AIM OF THE EXERCISE: Should a line in the entries below contain "alpha", return that line.

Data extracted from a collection
lemma emeasure_h3_box: "r > 0 \<Longrightarrow> emeasure lborel (h3_box r) = ennreal (8 * r^3)"
proof -
  assume r: "r > 0"
  have "h3_box r = {-r<..<r} \<times> {-r<..<r} \<times> {-r<..<r}"
    by (auto simp: h3_box_def abs_less_iff)
  also have "emeasure lborel \<dots>
      = emeasure lborel {-r<..<r} * emeasure lborel ({-r<..<r} \<times> {-r<..<r} :: (real \<times> real) set)"
    by (subst lborel_prod[symmetric], rule lborel.emeasure_pair_measure_Times)
       (auto intro!: borel_open open_Times)
  also have "emeasure lborel ({-r<..<r} \<times> {-r<..<r} :: (real \<times> real) set)
      = emeasure lborel {-r<..<r} * emeasure lborel {-r<..<r}"
    by (subst lborel_prod[symmetric], rule lborel.emeasure_pair_measure_Times) auto
  finally show ?thesis
    using r by (simp add: ennreal_mult[symmetric] power3_eq_cube)
qed

section \<open>Lattices and packings\<close>

definition packing :: "h3 set \<Rightarrow> h3 set \<Rightarrow> bool" where
  "packing L E \<longleftrightarrow> (\<forall>x\<in>E. \<forall>\<gamma>\<in>L. h3_mult \<gamma> x \<in> E \<longrightarrow> \<gamma> = h3_one)"

lemma packing_right_translate: "packing L E \<Longrightarrow> packing L ((\<lambda>y. h3_mult y g) -` E)"
  by (simp add: packing_def h3_mult_assoc)

lemma inner_real2: "(v::real^2) \<bullet> w = v$1 * w$1 + v$2 * w$2"
  by (simp add: inner_vec_def sum_2)

lemma det2_zero_imp_annihilator:
  fixes P :: "(real^2) set"
  assumes "\<And>u v. u \<in> P \<Longrightarrow> v \<in> P \<Longrightarrow> det2 u v = 0"
  obtains w where "w \<noteq> 0" "\<And>u. u \<in> P \<Longrightarrow> w \<bullet> u = 0"
proof (cases "P \<subseteq> {0}")
  case True
  then show ?thesis by (intro that[of "axis 1 1"]) (auto simp: axis_eq_0_iff)
next
  case False
  then obtain u0 where u0: "u0 \<in> P" "u0 \<noteq> 0" by blast
  show ?thesis
  proof (rule that[of "vector [- u0$2, u0$1]"])
    show "vector [- u0$2, u0$1] \<noteq> (0::real^2)"
      using u0(2) by (auto simp: vec_eq_iff forall_2)
    show "vector [- u0$2, u0$1] \<bullet> u = 0" if "u \<in> P" for u
      using assms[OF u0(1) that] by (simp add: inner_real2 det2_def algebra_simps)
  qed
qed

lemma packing_UN_if_levels_separated:
  assumes packing: "\<And>k. packing L (B k)"
    and invariant: "\<And>\<gamma> x. \<gamma> \<in> L \<Longrightarrow> \<phi> (h3_mult \<gamma> x) = \<phi> x"
    and separated: "\<And>k m x y. x \<in> B k \<Longrightarrow> y \<in> B m \<Longrightarrow> \<phi> x = \<phi> y \<Longrightarrow> k = m"
  shows "packing L (\<Union>k\<in>K. B k)"
  unfolding packing_def
proof (intro ballI impI)
  fix x \<gamma> assume "x \<in> (\<Union>k\<in>K. B k)" "\<gamma> \<in> L" "h3_mult \<gamma> x \<in> (\<Union>k\<in>K. B k)"
  then obtain k m where k: "x \<in> B k" and m: "h3_mult \<gamma> x \<in> B m" and \<gamma>: "\<gamma> \<in> L"
    by blast
  have "m = k" using separated[OF m k] invariant[OF \<gamma>] by simp
  with k m \<gamma> packing[of k] show "\<gamma> = h3_one" unfolding packing_def by blast
qed

lemma abs_inner_h3_p_le_box:
  assumes "x \<in> h3_box \<rho>"
  shows "\<bar>w \<bullet> h3_p x\<bar> \<le> (\<bar>w$1\<bar> + \<bar>w$2\<bar>) * \<rho>"
proof -
  have "\<bar>w \<bullet> h3_p x\<bar> \<le> \<bar>w$1\<bar> * \<bar>fst x\<bar> + \<bar>w$2\<bar> * \<bar>fst (snd x)\<bar>"
    unfolding inner_real2 h3_p_nth abs_mult[symmetric] by (rule abs_triangle_ineq)
  also have "\<dots> \<le> \<bar>w$1\<bar> * \<rho> + \<bar>w$2\<bar> * \<rho>"
    using assms by (intro add_mono mult_left_mono) (auto simp: h3_box_def)
  finally show ?thesis by (simp add: algebra_simps)
qed

locale h3_lat =
  fixes L :: "h3 set"
  assumes lattice: "h3_lattice L"
begin
lemma adjoint_diag_mult_index:
  fixes L D :: "complex mat"
  assumes L: "L \<in> carrier_mat m n" and D: "D \<in> carrier_mat m m"
    and diag: "\<And>r s. r < m \<Longrightarrow> s < m \<Longrightarrow> D $$ (r, s) = (if r = s then d r else 0)"
    and i: "i < n" and j: "j < n"
  shows "(mat_adjoint L * D * L) $$ (i, j) = (\<Sum>r<m. cnj (L $$ (r, i)) * d r * L $$ (r, j))"
proof -
  have "mat_adjoint L * D = mat n m (\<lambda>(i, r). cnj (L $$ (r, i)) * d r)" (is "_ = ?M")
  proof (rule eq_matI)
    fix i r
    assume "i < dim_row ?M" and "r < dim_col ?M"
    then have i: "i < n" and r: "r < m"
      by auto
    have "(mat_adjoint L * D) $$ (i, r) = (\<Sum>s<m. mat_adjoint L $$ (i, s) * D $$ (s, r))"
      using mat_adjoint_carrier[OF L] D i r by (simp add: scalar_prod_def atLeast0LessThan)
    also have "\<dots> = (\<Sum>s<m. if s = r then cnj (L $$ (r, i)) * d r else 0)"
      using diag r mat_adjoint_index[OF L i] by (intro sum.cong) auto
    finally show "(mat_adjoint L * D) $$ (i, r) = ?M $$ (i, r)"
      using i r by simp
  qed (use mat_adjoint_carrier[OF L] D in auto)
  then show ?thesis
    using L i j by (simp add: scalar_prod_def atLeast0LessThan mult.assoc)
qed

lemma block_toeplitz_rows:
  assumes B: "\<And>a b. a < n2 \<Longrightarrow> b < n2 \<Longrightarrow> B a b = (if a + k \<le> b
      then transpose_mat (mat n1 n1 (\<lambda>(e, c). x c $ ((b - a - k) * n1 + e))) else 0\<^sub>m n1 n1)"
    and dim: "\<And>c. c < n1 \<Longrightarrow> dim_vec (x c) = n1 * n2"
    and a: "a < n2" and c: "c < n1" and i: "i < n1 * n2"
  shows "block_mat n1 n2 B $$ (a * n1 + c, i)
    = (if (a + k) * n1 \<le> i then fun_of_vec (x c) (i - (a + k) * n1) else 0)"
proof -
  obtain b e where b: "b < n2" and e: "e < n1" and i_eq: "i = b * n1 + e"
    using block_index_decompose[OF i] by metis
  show ?thesis
  proof (cases "a + k \<le> b")
    case True
    have le: "(a + k) * n1 \<le> b * n1"
      using True by (rule mult_le_mono1)
    then have "(a + k) * n1 \<le> i"
      using i_eq by linarith
    moreover have "i - (a + k) * n1 = (b - a - k) * n1 + e"
      using le i_eq by (simp add: diff_mult_distrib diff_diff_left)
    moreover have "(b - a - k) * n1 + e < n1 * n2"
      using b e by (intro block_index_less) auto
    ultimately show ?thesis
      using True a b c e i_eq dim by (simp add: block_mat_index B fun_of_vec_def)
  next
    case False
    then have "i < (a + k) * n1"
      using i_eq e mult_le_mono1[of "Suc b" "a + k" n1] by simp
    then show ?thesis
      using False a b c e i_eq by (simp add: block_mat_index B)
  qed
qed

lemma block_gram_diag_shift:
  assumes L: "L \<in> carrier_mat (n1 * n2) (n1 * n2)"
    and rows: "\<And>a c i. a < n2 \<Longrightarrow> c < n1 \<Longrightarrow> i < n1 * n2 \<Longrightarrow>
      L $$ (a * n1 + c, i) = (if (a + k) * n1 \<le> i then fun_of_vec (x c) (i - (a + k) * n1) else 0)"
    and i: "i < n1 * n2" and j: "j < n1 * n2"
  shows "(mat_adjoint L * blockdiag n1 n2 (diag_of n1 (\<lambda>c. inverse (w c))) * L) $$ (i, j)
    = (\<Sum>a<n2. diag_shift ((a + k) * n1) (\<Sum>c<n1. dyad (x c) (w c)) i j)"
proof -
  have D: "blockdiag n1 n2 (diag_of n1 (\<lambda>c. inverse (w c))) \<in> carrier_mat (n1 * n2) (n1 * n2)"
    unfolding blockdiag_def by (rule block_mat_carrier)
  have "(mat_adjoint L * blockdiag n1 n2 (diag_of n1 (\<lambda>c. inverse (w c))) * L) $$ (i, j)
      = (\<Sum>r<n2 * n1. cnj (L $$ (r, i)) * inverse (w (r mod n1)) * L $$ (r, j))"
    by (subst mult.commute, rule adjoint_diag_mult_index[OF L D _ i j])
      (simp add: blockdiag_diag_of_index)
  also have "\<dots> = (\<Sum>a<n2. \<Sum>c<n1. cnj (L $$ (a * n1 + c, i)) * inverse (w c) * L $$ (a * n1 + c, j))"
    unfolding sum_lessThan_mult by (intro sum.cong refl) simp
  also have "\<dots> = (\<Sum>a<n2. \<Sum>c<n1. diag_shift ((a + k) * n1) (dyad (x c) (w c)) i j)"
    using rows i j
    by (intro sum.cong refl) (simp add: diag_shift_def dyad_def divide_inverse mult_ac)
  also have "\<dots> = (\<Sum>a<n2. diag_shift ((a + k) * n1) (\<Sum>c<n1. dyad (x c) (w c)) i j)"
    by (simp add: diag_shift_sum_apply)
  finally show ?thesis .
qed

lemma block_toeplitz_gram:
  assumes B: "\<And>a b. a < n2 \<Longrightarrow> b < n2 \<Longrightarrow> B a b = (if a + k \<le> b
      then transpose_mat (mat n1 n1 (\<lambda>(e, c). x c $ ((b - a - k) * n1 + e))) else 0\<^sub>m n1 n1)"
    and dim: "\<And>c. c < n1 \<Longrightarrow> dim_vec (x c) = n1 * n2"
    and i: "i < n1 * n2" and j: "j < n1 * n2"
  shows "(mat_adjoint (block_mat n1 n2 B) * blockdiag n1 n2 (diag_of n1 (\<lambda>c. inverse (w c)))
      * block_mat n1 n2 B) $$ (i, j)
    = (\<Sum>a<n2. diag_shift ((a + k) * n1) (\<Sum>c<n1. dyad (x c) (w c)) i j)"
  by (rule block_gram_diag_shift[OF block_mat_carrier block_toeplitz_rows[OF B dim] i j])

theorem mainTheorem5:
  fixes n1 n2 n :: nat and Rb :: "int \<Rightarrow> complex mat" and R :: "complex mat"
    and P Q :: "nat \<Rightarrow> complex mat" and Lp Lq :: "complex mat"
  assumes n1: "n1 \<ge> 1" and n2: "n2 \<ge> 1" and n_def: "n = n1 * n2"
    and Rb_carrier: "\<And>m. \<bar>m\<bar> < int n2 \<Longrightarrow> Rb m \<in> carrier_mat n1 n1"
    and Rb_herm: "\<And>m. \<bar>m\<bar> < int n2 \<Longrightarrow> Rb (- m) = mat_adjoint (Rb m)"
    and R_def: "R = block_mat n1 n2 (\<lambda>a b. Rb (int b - int a))"
    and R_hpd: "herm_pos_def n R"
  defines "P \<equiv> \<lambda>j. mat n1 n1 (\<lambda>(i, c). pvec R n c (n - 1) $ (j * n1 + i))"
    and "Q \<equiv> \<lambda>j. mat n1 n1 (\<lambda>(i, c). qvec R n 0 (n - n1 + c) $ ((n2 - 1 - j) * n1 + i))"
    and "Lp \<equiv> block_mat n1 n2 (\<lambda>a b. if a \<le> b then transpose_mat (P (b - a)) else 0\<^sub>m n1 n1)"
    and "Lq \<equiv> block_mat n1 n2 (\<lambda>a b. if a < b then transpose_mat (Q (n2 - (b - a))) else 0\<^sub>m n1 n1)"
  shows "inverts_mat R
           (mat_adjoint Lp * blockdiag n1 n2 (diag_of n1 (\<lambda>c. inverse (vcoef' R n c (n - 1)))) * Lp
            - mat_adjoint Lq * blockdiag n1 n2 (diag_of n1 (\<lambda>c. inverse (vcoef R n 0 (n - n1 + c)))) * Lq)
       \<and> inverts_mat
           (mat_adjoint Lp * blockdiag n1 n2 (diag_of n1 (\<lambda>c. inverse (vcoef' R n c (n - 1)))) * Lp
            - mat_adjoint Lq * blockdiag n1 n2 (diag_of n1 (\<lambda>c. inverse (vcoef R n 0 (n - n1 + c)))) * Lq) R"
proof -
  define F where "F = (\<Sum>c<n1. dyad (pvec R n c (n - 1)) (vcoef' R n c (n - 1)))"
  define G where "G = (\<Sum>c<n1. dyad (qvec R n 0 (n - n1 + c)) (vcoef R n 0 (n - n1 + c)))"
  define Y where "Y = (\<Sum>t<n. dyad (qvec R n 0 t) (vcoef R n 0 t))"
  have "Y = diag_shift n1 (Y - G) + F"
    unfolding Y_def G_def F_def
    by (rule qvec_dyads_recursion[OF R_hpd])
      (use n_def n2 in \<open>auto simp: R_def block_toeplitz_shift\<close>)
  then have Y_blocks: "Y i j
      = (\<Sum>a<n2. diag_shift (a * n1) F i j) - (\<Sum>a<n2. diag_shift (Suc a * n1) G i j)"
    if "i < n" for i j
    using that n_def by (intro diag_shift_telescope_index) (simp_all add: mult.commute)
  have "n1 \<le> n"
    using n_def n2 by simp
  then have dims: "dim_vec (pvec R n c (n - 1)) = n" "dim_vec (qvec R n 0 (n - n1 + c)) = n"
    if "c < n1" for c
    using that orth_unit_carrier[OF pvec_orth_unit[OF R_hpd, of c "n - 1"]]
      orth_unit_carrier[OF qvec_orth_unit[OF R_hpd, of 0 "n - n1 + c"]] by auto
  have Lp_gram: "(mat_adjoint Lp
      * blockdiag n1 n2 (diag_of n1 (\<lambda>c. inverse (vcoef' R n c (n - 1)))) * Lp) $$ (i, j)
      = (\<Sum>a<n2. diag_shift ((a + 0) * n1) F i j)" if "i < n" "j < n" for i j
    unfolding Lp_def F_def
    by (rule block_toeplitz_gram[where x = "\<lambda>c. pvec R n c (n - 1)"])
      (use that dims n_def in \<open>simp_all add: P_def\<close>)
  have Lq_gram: "(mat_adjoint Lq
      * blockdiag n1 n2 (diag_of n1 (\<lambda>c. inverse (vcoef R n 0 (n - n1 + c)))) * Lq) $$ (i, j)
      = (\<Sum>a<n2. diag_shift ((a + 1) * n1) G i j)" if "i < n" "j < n" for i j
    unfolding Lq_def G_def
    by (rule block_toeplitz_gram[where x = "\<lambda>c. qvec R n 0 (n - n1 + c)"])
      (use that dims n_def in \<open>auto simp: Q_def\<close>)
  have carriers:
    "Lp \<in> carrier_mat n n" "Lq \<in> carrier_mat n n" "blockdiag n1 n2 M \<in> carrier_mat n n" for M
    unfolding Lp_def Lq_def blockdiag_def n_def by (rule block_mat_carrier)+
  show ?thesis
    by (rule inverse_on_inverts_mat[OF herm_pos_def_carrier[OF R_hpd] _
          inverse_on_qvec_dyads[OF R_hpd order_refl, folded Y_def]])
      (use carriers mat_adjoint_carrier[OF carriers(1)] mat_adjoint_carrier[OF carriers(2)]
        Lp_gram Lq_gram Y_blocks in auto)
qed

end
lemma measure_obs_law:
  assumes "\<And>w. \<phi> (obs w) \<longleftrightarrow> \<psi> w" and "Measurable.pred obs_space \<phi>"
  shows "measure (obs_law P) {x. \<phi> x} = prob {w. \<psi> w}"
proof -
  have "{x. \<phi> x} \<in> sets obs_space"
    using assms(2) by (simp add: pred_def obs_space_def space_pair_measure)
  then show ?thesis
    unfolding obs_law_def using assms(1) by (simp add: measure_distr vimage_def)
qed

lemma obs_resp_sum_obs_law: "obs_resp_sum (obs_law P) z d = cell_moment P RYv Yv z d"
proof -
  let ?g = "\<lambda>(z', r, d', r', y'). if z' = z \<and> r \<and> d' = d \<and> r' then y' else (0::real)"
  have "?g \<in> borel_measurable obs_space"
    unfolding obs_space_def split_beta' by measurable
  then have "obs_resp_sum (obs_law P) z d = (\<integral>w. ?g (obs w) \<partial>P)"
    unfolding obs_resp_sum_def obs_law_def by (simp add: integral_distr)
  also have "\<dots> = cell_moment P RYv Yv z d"
    unfolding cell_moment_def by (rule Bochner_Integration.integral_cong) (auto simp: obs_def)
  finally show ?thesis .
qed
lemma contract_single_monomial:
  "contract (Poly_Mapping.single \<gamma> b) (Poly_Mapping.single \<alpha> 1) =
     (if mdvd \<gamma> \<alpha> then Poly_Mapping.single (\<alpha> - \<gamma>) b else 0)"
proof (rule poly_mapping_eqI)
  fix \<beta>
  show "Poly_Mapping.lookup (contract (Poly_Mapping.single \<gamma> b) (Poly_Mapping.single \<alpha> 1)) \<beta> =
        Poly_Mapping.lookup (if mdvd \<gamma> \<alpha> then Poly_Mapping.single (\<alpha> - \<gamma>) b else 0) \<beta>"
    using add_eq_iff_mdvd[of \<beta> \<gamma> \<alpha>] by (auto simp: lookup_contract_single lookup_single when_def)
qed

lemma in_vars_zero [simp]: "in_vars c 0"
  by (simp add: in_vars_def)

lemma in_vars_one [simp]: "in_vars c 1"
  by (simp add: in_vars_def)

lemma in_vars_single: "Poly_Mapping.keys \<gamma> \<subseteq> {..<c} \<Longrightarrow> in_vars c (Poly_Mapping.single \<gamma> a)"
  by (simp add: in_vars_def)

lemma in_vars_X: "i < c \<Longrightarrow> in_vars c (X i)"
  by (simp add: in_vars_def X_def unit_vec_def)

lemma in_vars_C: "in_vars c (C a)"
  by (simp add: in_vars_def C_def)

lemma in_vars_add: "in_vars c p \<Longrightarrow> in_vars c q \<Longrightarrow> in_vars c (p + q)"
  unfolding in_vars_def using keys_add[of p q] by blast

lemma in_vars_diff: "in_vars c p \<Longrightarrow> in_vars c q \<Longrightarrow> in_vars c (p - (q::'a::ab_group_add mpoly))"
  unfolding in_vars_def using keys_diff[of p q] by blast

lemma keys_add_exp:
  "Poly_Mapping.keys ((\<alpha>::nat \<Rightarrow>\<^sub>0 nat) + \<beta>) = Poly_Mapping.keys \<alpha> \<union> Poly_Mapping.keys \<beta>"
  by (auto simp: in_keys_iff lookup_add)

lemma in_vars_mult: "in_vars c p \<Longrightarrow> in_vars c q \<Longrightarrow> in_vars c (p * q)"
  unfolding in_vars_def using keys_mult[of p q] by (force simp: keys_add_exp)

lemma in_vars_sum: "(\<And>i. i \<in> I \<Longrightarrow> in_vars c (p i)) \<Longrightarrow> in_vars c (\<Sum>i\<in>I. p i)"
  by (induction I rule: infinite_finite_induct) (auto intro: in_vars_add)

lemma in_vars_power: "in_vars c p \<Longrightarrow> in_vars c (p ^ n)"
  by (induction n) (simp_all add: in_vars_mult)

lemma homog_zero [simp]: "homog d 0"
  by (simp add: homog_def)

lemma homog_single: "homog (tdeg \<gamma>) (Poly_Mapping.single \<gamma> a)"
  by (simp add: homog_def)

YOUR RESPONSE:
  "contract (Poly_Mapping.single \<gamma> b) (Poly_Mapping.single \<alpha> 1) =
     (if mdvd \<gamma> \<alpha> then Poly_Mapping.single (\<alpha> - \<gamma>) b else 0)"
  show "Poly_Mapping.lookup (contract (Poly_Mapping.single \<gamma> b) (Poly_Mapping.single \<alpha> 1)) \<beta> =
        Poly_Mapping.lookup (if mdvd \<gamma> \<alpha> then Poly_Mapping.single (\<alpha> - \<gamma>) b else 0) \<beta>"
    using add_eq_iff_mdvd[of \<beta> \<gamma> \<alpha>] by (auto simp: lookup_contract_single lookup_single when_def)
  "Poly_Mapping.keys ((\<alpha>::nat \<Rightarrow>\<^sub>0 nat) + \<beta>) = Poly_Mapping.keys \<alpha> \<union> Poly_Mapping.keys \<beta>"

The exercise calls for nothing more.